Things are about to get weird. Thanks for sticking around and joining the pain train.

Enjoy!


Iris frowned as the voicemail beeped.

"Hey, Cait, it's me," she said. She ducked out of the way of a nurse, pressing herself against one of the hallway walls. "I just wanted to check in on you, make sure you're doing alright. You took some hard hits yesterday." She tried to sound casual, conversational, but if the past few days had taught her anything, it was that worrying was never an unreasonable thing. "Anyway, I'm visiting my dad. Call me back when you get this."

She paused, hung up. She was probably overreacting. The morning was young. Caitlin was likely still asleep.

Trying to push the worry out of her head, she pocketed her phone and stepped into her dad's room. He looked up as she entered, beaming.

"Hey, baby," he said, propping himself up on his pillows. "Good news—they should be releasing me later today. It'll be strict bed rest for a while, but at least I can be home with you."

She took a seat and tried to smile, but his brow crinkled.

"Uh oh. What is it now?"

"It's nothing." Her dad raised his eyebrows. "It's Caitlin. I just tried calling her, and she didn't pick up. I know I'm probably being stupid and overprotective…I just want to make sure she's okay."

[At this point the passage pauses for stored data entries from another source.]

lemma H_mono:
  assumes "\<And>\<omega> \<omega>'. \<omega> \<in> file_space B \<Longrightarrow> \<omega>' \<in> file_space B \<Longrightarrow> Y \<omega> = Y \<omega>' \<Longrightarrow> X \<omega> = X \<omega>'"
  shows "H B (X :: (nat \<Rightarrow> 'f::{finite,field}) \<Rightarrow> 'b) \<le> H B (Y :: (nat \<Rightarrow> 'f) \<Rightarrow> 'c)"
  unfolding H_def by (rule ent_mono[OF finite_file_space card_field_gt_1 assms])

lemma H_const: "H B (\<lambda>\<omega>::nat \<Rightarrow> 'f::{finite,field}. c) = 0"
  unfolding H_def by (rule ent_const[OF finite_file_space])

lemma H_submodular:
  "H B (\<lambda>\<omega>::nat \<Rightarrow> 'f::{finite,field}. (X \<omega>, Y \<omega>, Z \<omega>)) + H B Z
       \<le> H B (\<lambda>\<omega>. (X \<omega>, Z \<omega>)) + H B (\<lambda>\<omega>. (Y \<omega>, Z \<omega>))"
  unfolding H_def by (rule ent_submodular[OF finite_file_space card_field_gt_1])

lemma H_subadditive:
  "H B (\<lambda>\<omega>::nat \<Rightarrow> 'f::{finite,field}. (X \<omega>, Y \<omega>)) \<le> H B X + H B Y"
proof -
  have "H B (\<lambda>\<omega>::nat \<Rightarrow> 'f. (X \<omega>, Y \<omega>, ())) + H B (\<lambda>\<omega>::nat \<Rightarrow> 'f. ())
       \<le> H B (\<lambda>\<omega>. (X \<omega>, ())) + H B (\<lambda>\<omega>. (Y \<omega>, ()))"
    by (rule H_submodular)
  moreover have "H B (\<lambda>\<omega>::nat \<Rightarrow> 'f. (X \<omega>, Y \<omega>, ())) = H B (\<lambda>\<omega>. (X \<omega>, Y \<omega>))"
    by (rule H_cong) auto
  moreover have "H B (\<lambda>\<omega>::nat \<Rightarrow> 'f. (X \<omega>, ())) = H B X" by (rule H_cong) auto
  moreover have "H B (\<lambda>\<omega>::nat \<Rightarrow> 'f. (Y \<omega>, ())) = H B Y" by (rule H_cong) auto
  ultimately show ?thesis by (simp add: H_const)
qed

lemma H_file: "H B (\<lambda>\<omega>::nat \<Rightarrow> 'f::{finite,field}. \<omega>) = real B"
proof -
  let ?\<Omega> = "file_space B :: (nat \<Rightarrow> 'f) set"
  let ?q = "real CARD('f)"
  have fiber: "fiber_card ?\<Omega> (\<lambda>\<omega>. \<omega>) \<omega> = 1" if "\<omega> \<in> ?\<Omega>" for \<omega>
    unfolding fiber_card_def using that by (simp add: Collect_conj_eq)
  have N: "card ?\<Omega> = CARD('f) ^ B" unfolding file_space_def by (simp add: card_PiE)
  then have Npos: "card ?\<Omega> > 0" by simp
  have "H B (\<lambda>\<omega>::nat \<Rightarrow> 'f. \<omega>) = (\<Sum>\<omega>\<in>?\<Omega>. - log ?q (1 / real (card ?\<Omega>))) / real (card ?\<Omega>)"
    unfolding H_def ent_eq_average[OF finite_file_space] by (simp add: fiber cong: sum.cong)
  also have "\<dots> = log ?q (real (card ?\<Omega>))"
    using Npos card_field_gt_1[where 'f='f] by (simp add: log_divide)
  also have "\<dots> = real B" unfolding N using card_field_gt_1[where 'f='f] by (simp add: log_nat_power)
  finally show ?thesis .
qed

lemma H_restrict_le_sum_conditional:
  assumes "finite L"
  shows "H B (\<lambda>\<omega>::nat \<Rightarrow> 'f::{finite,field}. (restrict (\<lambda>y. F y \<omega>) L, Z \<omega>)) - H B Z
     \<le> (\<Sum>y\<in>L. H B (\<lambda>\<omega>. (F y \<omega>, Z \<omega>)) - H B Z)"
  using assms
proof (induction L rule: finite_induct)
  case empty
  have "H B (\<lambda>\<omega>::nat \<Rightarrow> 'f. (restrict (\<lambda>y. F y \<omega>) {}, Z \<omega>)) = H B Z" by (rule H_cong) auto
  then show ?case by (simp only: sum.empty)
next
  case (insert y L)
  have "H B (\<lambda>\<omega>::nat \<Rightarrow> 'f. (restrict (\<lambda>y. F y \<omega>) (insert y L), Z \<omega>))
      = H B (\<lambda>\<omega>. (F y \<omega>, restrict (\<lambda>y. F y \<omega>) L, Z \<omega>))"
    by (rule H_cong) (auto simp: restrict_eq_iff)
  moreover have "H B (\<lambda>\<omega>::nat \<Rightarrow> 'f. (F y \<omega>, restrict (\<lambda>y. F y \<omega>) L, Z \<omega>)) + H B Z
      \<le> H B (\<lambda>\<omega>. (F y \<omega>, Z \<omega>)) + H B (\<lambda>\<omega>. (restrict (\<lambda>y. F y \<omega>) L, Z \<omega>))"
    by (rule H_submodular)
  moreover have "(\<Sum>y\<in>insert y L. H B (\<lambda>\<omega>::nat \<Rightarrow> 'f. (F y \<omega>, Z \<omega>)) - H B Z)
     = (H B (\<lambda>\<omega>. (F y \<omega>, Z \<omega>)) - H B Z) + (\<Sum>y\<in>L. H B (\<lambda>\<omega>::nat \<Rightarrow> 'f. (F y \<omega>, Z \<omega>)) - H B Z)"
    using insert by (simp add: sum.insert)
  ultimately show ?case using insert.IH by linarith
qed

"I don't think you're being stupid," her dad said. "With everything that's happened this week, I'd be surprised if you didn't worry. But I agree that you have to recognize her need for space. She lost two people the night of that wave. I think she still needs to process that."

"Yeah." Iris picked at a spot around her fingernail. "I can't imagine what she's going through."

"I don't know about that," her dad said softly. "Barry...you've decided to stop looking for him, I take it?"

Iris lifted her head. "Who—"

"Eddie," her dad said apologetically. "He told me that you've been walking up and down that beach for days looking for something you're not going to find. Frankly, I was surprised to see you here, not there."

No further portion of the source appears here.